Former Bowden player, “He was a minister with a whistle around his neck”
ALBANY, Ga. (WALB) - Coach Bobby Bowden changed the landscape of college football.
Two national titles, two Heisman Trophy winners, and the second-winningest coach in Division One history. But, as dominant as Coach Bowden was on the field, he was even more impactful in his players’ lives.
“He was a minister with a whistle around his neck,” said Bobby Butler, a former cornerback of Coach Bowden’s.
Butler was also a part of Coach Bowden’s first recruiting class with the Florida State Seminoles. Soon after arriving on campus, he’d learn how important the three F’s were to Coach Bowden.

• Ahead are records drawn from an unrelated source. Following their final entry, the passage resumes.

(* Write K = F_{q^k} and L u = u^q + u, so that U_{tau,delta} is the image of the F_q-linear
   injection u |-> u + L(u) tau gamma + L(u) delta gamma^2 on K and has dimension k.
   Because gamma has degree r > 4 over K, the elements 1, gamma, ..., gamma^4 are K-linearly
   independent.  If alpha U_{tau,delta} and U_{tau',delta'} share two F_q-independent vectors,
   eliminating alpha and comparing the coefficients of gamma^0, ..., gamma^4 forces alpha to lie
   in F_q and (tau, delta) = (tau', delta').  Hence the (q^k - 1)^2 orbits are pairwise disjoint,
   each has (q^n - 1)/(q - 1) members, and two distinct codewords meet in at most an F_q-line,
   so their distance is at least 2k - 2; an explicit pair meeting in a line attains it. *)

section \<open>Finite fields and their subfields\<close>

(* Lemma finite_field_power_card_eq_same needs sort finite_field, which a type variable of
   sort {field,finite} does not have. *)
lemma nonzero_power_card_UNIV_minus_1:
  fixes x :: "'a::{field,finite}"
  assumes "x \<noteq> 0"
  shows "x ^ (card (UNIV :: 'a set) - 1) = 1"
proof -
  let ?N = "UNIV - {0 :: 'a}"
  have "(\<Prod>y\<in>?N. x * y) = (\<Prod>y\<in>?N. y)"
    by (rule prod.reindex_bij_witness[of _ "\<lambda>y. y / x" "\<lambda>y. x * y"]) (use assms in auto)
  moreover have "(\<Prod>y\<in>?N. x * y) = x ^ card ?N * (\<Prod>y\<in>?N. y)"
    by (simp add: prod.distrib)
  moreover have "(\<Prod>y\<in>?N. y) \<noteq> 0"
    by simp
  ultimately show ?thesis
    by (simp add: card_Diff_singleton)
qed

lemma card_roots_of_unity_le:
  assumes "d > 0"
  shows "card {x :: 'a::field. x ^ d = 1} \<le> d"
proof -
  let ?P = "monom (1::'a) d - 1"
  have "coeff ?P d = 1"
    using assms by (simp add: coeff_monom)
  then have "?P \<noteq> 0"
    by (metis coeff_0 zero_neq_one)
  then have "card {x. poly ?P x = 0} \<le> degree ?P"
    by (rule card_poly_roots_bound)
  moreover have "degree ?P \<le> d"
    by (intro degree_diff_le) (auto simp: degree_monom_le)
  ultimately show ?thesis
    by (simp add: poly_monom)
qed

lemma card_roots_geometric_sum_le:
  assumes "d > 0" and "e > 0"
  shows "card {x :: 'a::field. (\<Sum>i<e. (x ^ d) ^ i) = 0} \<le> d * (e - 1)"
proof -
  let ?T = "\<Sum>i<e. monom (1::'a) (d * i)"
  have "coeff ?T 0 = (\<Sum>i<e. if i = 0 then 1 else 0)"
    using assms(1) by (auto simp: coeff_sum coeff_monom intro!: sum.cong)
  also have "\<dots> = 1"
    using assms(2) by simp
  finally have "?T \<noteq> 0"
    by auto
  then have "card {x. poly ?T x = 0} \<le> degree ?T"
    by (rule card_poly_roots_bound)
  moreover have "degree ?T \<le> d * (e - 1)"
    by (intro degree_sum_le) (auto intro!: order.trans[OF degree_monom_le])
  ultimately show ?thesis
    by (simp add: poly_sum poly_monom power_mult)
qed

lemma card_UNIV_field_ge_2: "card (UNIV :: 'a::{field,finite} set) \<ge> 2"
  using card_mono[of UNIV "{0, 1 :: 'a}"] by simp

lemma card_roots_of_unity:
  assumes "d dvd card (UNIV :: 'a::{field,finite} set) - 1"
  shows "card {x :: 'a. x ^ d = 1} = d"
proof -
  obtain e where de: "card (UNIV :: 'a set) - 1 = d * e"
    using assms by blast
  have "d * e \<ge> 1"
    using de card_UNIV_field_ge_2[where 'a = 'a] by linarith
  then have "d > 0" "e > 0"
    by simp_all
  let ?R = "{x :: 'a. x ^ d = 1}" and ?Z = "{x :: 'a. (\<Sum>i<e. (x ^ d) ^ i) = 0}"
  have "UNIV - {0} \<subseteq> ?R \<union> ?Z"
  proof
    fix x :: 'a
    assume "x \<in> UNIV - {0}"
    then have "(x ^ d) ^ e - 1 = 0"
      using nonzero_power_card_UNIV_minus_1[of x] de by (simp flip: power_mult)
    then have "(x ^ d - 1) * (\<Sum>i<e. (x ^ d) ^ i) = 0"
      by (simp add: power_diff_1_eq)
    then show "x \<in> ?R \<union> ?Z"
      by auto
  qed
  then have "d * e \<le> card ?R + card ?Z"
    using de card_mono[of "?R \<union> ?Z" "UNIV - {0}"] card_Un_le[of ?R ?Z]
    by (simp add: card_Diff_singleton)
  moreover have "card ?Z \<le> d * (e - 1)"
    by (rule card_roots_geometric_sum_le) fact+
  moreover have "d * e = d * (e - 1) + d"
    using \<open>e > 0\<close> by (cases e) auto
  ultimately show ?thesis
    using card_roots_of_unity_le[OF \<open>d > 0\<close>, where 'a = 'a] by linarith
qed

lemma card_subfield_of_order:
  assumes card_UNIV: "card (UNIV :: 'a::{field,finite} set) = Q ^ t"
  shows "card (subfield_of_order Q :: 'a set) = Q"
proof -
  have "Q > 1"
    using card_UNIV card_UNIV_field_ge_2[where 'a = 'a] power_le_one[of Q t] by (cases "Q \<le> 1") auto
  have "int (Q ^ t - 1) = (int Q - 1) * (\<Sum>i<t. int Q ^ i)"
    using \<open>Q > 1\<close> by (simp add: of_nat_diff power_diff_1_eq)
  then have "Q - 1 dvd card (UNIV :: 'a set) - 1"
    using \<open>Q > 1\<close> card_UNIV by (metis dvd_triv_left int_dvd_int_iff of_nat_1 of_nat_diff less_imp_le_nat)
  then have "card {x :: 'a. x ^ (Q - 1) = 1} = Q - 1"
    by (rule card_roots_of_unity)
  moreover have "subfield_of_order Q = insert 0 {x :: 'a. x ^ (Q - 1) = 1}"
    using \<open>Q > 1\<close> unfolding subfield_of_order_def
    by (auto simp: power_eq_if[of _ Q] split: if_splits)
  moreover have "(0 :: 'a) \<notin> {x. x ^ (Q - 1) = 1}"
    using \<open>Q > 1\<close> by (simp add: power_0_left)
  ultimately show ?thesis
    using \<open>Q > 1\<close> by simp
qed

lemma of_nat_card_UNIV_eq_0: "of_nat (card (UNIV :: 'a::{ring_1,finite} set)) = (0 :: 'a)"
proof -
  have "(\<Sum>y\<in>UNIV. y + 1) = (\<Sum>y::'a\<in>UNIV. y)"
    by (rule sum.reindex_bij_witness[of _ "\<lambda>y. y - 1" "\<lambda>y. y + 1"]) auto
  then show ?thesis
    by (simp add: sum.distrib)
qed
lemma bij_betw_relabel:
  assumes inj: "inj_on h A"
    and Q: "\<And>B h g. inj_on h B \<Longrightarrow> pfun_on B g \<Longrightarrow> Q (h ` B) (relabel h B g) \<longleftrightarrow> Q B g"
  shows "bij_betw (relabel h A) (pmaps Ps Q A) (pmaps Ps Q (h ` A))"
proof -
  let ?h' = "inv_into A h"
  have inj': "inj_on ?h' (h ` A)" and img: "?h' ` h ` A = A"
    using inj by (simp_all add: inj_on_inv_into)
  have left_inv: "relabel ?h' (h ` A) (relabel h A f) = f" if "f \<in> pmaps Ps Q A" for f
  proof -
    have "pfun_on A f"
      using that unfolding pmaps_def by blast
    then show ?thesis
      by (rule relabel_relabel[OF inj]) (rule inv_into_f_f[OF inj])
  qed
  have right_inv: "relabel h A (relabel ?h' (h ` A) g) = g" if "g \<in> pmaps Ps Q (h ` A)" for g
  proof -
    have "pfun_on (h ` A) g"
      using that unfolding pmaps_def by blast
    then have "relabel h (?h' ` h ` A) (relabel ?h' (h ` A) g) = g"
      by (rule relabel_relabel[OF inj']) (rule f_inv_into_f)
    then show ?thesis
      unfolding img .
  qed
  have into: "relabel h A ` pmaps Ps Q A \<subseteq> pmaps Ps Q (h ` A)"
    using pfun_on_relabel[OF inj] fibres_in_relabel[OF inj] Q[OF inj]
    unfolding pmaps_def by blast
  have onto: "relabel ?h' (h ` A) ` pmaps Ps Q (h ` A) \<subseteq> pmaps Ps Q A"
    using pfun_on_relabel[OF inj', unfolded img] fibres_in_relabel[OF inj', unfolded img]
      Q[OF inj', unfolded img]
    unfolding pmaps_def by blast
  show ?thesis
    using left_inv right_inv into onto
    by (intro bij_betw_byWitness[where f' = "relabel (inv_into A h) (h ` A)"]) blast+
qed

lemma weight_enum_relabel:
  assumes inj: "inj_on h A"
    and Q: "\<And>B h g. inj_on h B \<Longrightarrow> pfun_on B g \<Longrightarrow> Q (h ` B) (relabel h B g) \<longleftrightarrow> Q B g"
  shows "weight_enum k Ps Q (h ` A) = weight_enum k Ps Q A"
proof -
  have "weight_enum k Ps Q (h ` A) = (\<Sum>f\<in>pmaps Ps Q A. monom 1 (weight k (h ` A) (relabel h A f)))"
    unfolding weight_enum_def by (rule sum.reindex_bij_betw[OF bij_betw_relabel[OF assms], symmetric])
  also have "\<dots> = weight_enum k Ps Q A"
    unfolding weight_enum_def
  proof (intro sum.cong refl)
    fix f assume "f \<in> pmaps Ps Q A"
    then show "monom 1 (weight k (h ` A) (relabel h A f)) = monom 1 (weight k A f)"
      unfolding pmaps_def using weight_relabel[OF inj] by simp
  qed
  finally show ?thesis .
qed

lemma weight_enum_card:
  assumes "finite A"
    and Q: "\<And>B h g. inj_on h B \<Longrightarrow> pfun_on B g \<Longrightarrow> Q (h ` B) (relabel h B g) \<longleftrightarrow> Q B g"
  shows "(weight_enum k Ps Q A :: 'a::comm_ring_1 poly) = weight_enum k Ps Q {1..card A}"
proof -
  have "card A = card {1..card A}"
    by simp
  then obtain h where "bij_betw h A {1..card A}"
    using finite_same_card_bij[OF assms(1) finite_atLeastAtMost] by blast
  then have "inj_on h A" "h ` A = {1..card A}"
    unfolding bij_betw_def by auto
  then show ?thesis
    using weight_enum_relabel[OF \<open>inj_on h A\<close> Q, where 'a = 'a] by simp
qed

“He always talked about faith, family, and football, in that order. So his dreams still came through and true because he kept God, faith first. And the guy won everything, two national titles, a couple of Heisman Trophy winners, and had we not played Miami we probably would’ve had five or six more National Titles,” said Butler.
In 1977, Bowden was still making a name for himself and FSU was not yet a powerhouse. Even so, it only took one conversation for Butler to commit to the Noles.
Butler said, “Me and my parents met with Coach Bowden, and probably for the next 45 minutes to an hour we just talked. And when we walked out of the room I turned to my mom and said, ‘Mom, I’m playing for that guy.’ And my mom said, ‘You can’t make that decision right now. You have to take all your visits.’ And I said, ‘Mom, I’m playing for this guy.’ right? And I didn’t connect the dots at that point, but he was just like my dad.”
Butler told me Coach Bowden always made them feel like family and he wasn’t someone you ever wanted to let down.
As Butler prepares for Coach’s funeral, he knows Bowden would want just one thing.
“He’s always going to have that come to Jesus moment with you, you know, and I really love him for that. So for me personally, I know that what he would want more than anything is to help the Kingdom of God grow and to lead people to the Lord,” said Butler.
On Friday, according to FSU Athletics, Bowden will lie in the rotunda of the state Capitol in Tallahassee, from 10 a.m. to 1 p.m. At 2 p.m., he will lie in the Moore Athletic Center located at Doak Campbell Stadium in Tallahassee for a public viewing that will last until 7 p.m.
Bowden’s public funeral on Saturday will be held at Florida State’s Tucker Civic Center, beginning at 11 a.m. The funeral will be live-streamed on Seminoles.com.
Bowden will then make a final trip to his alma mater, Samford University in Birmingham, Alabama, on Sunday, where he will lie at Reid Chapel from 4 to 6 p.m. Bowden will then be buried in nearby Trussville, Alabama, in a private service.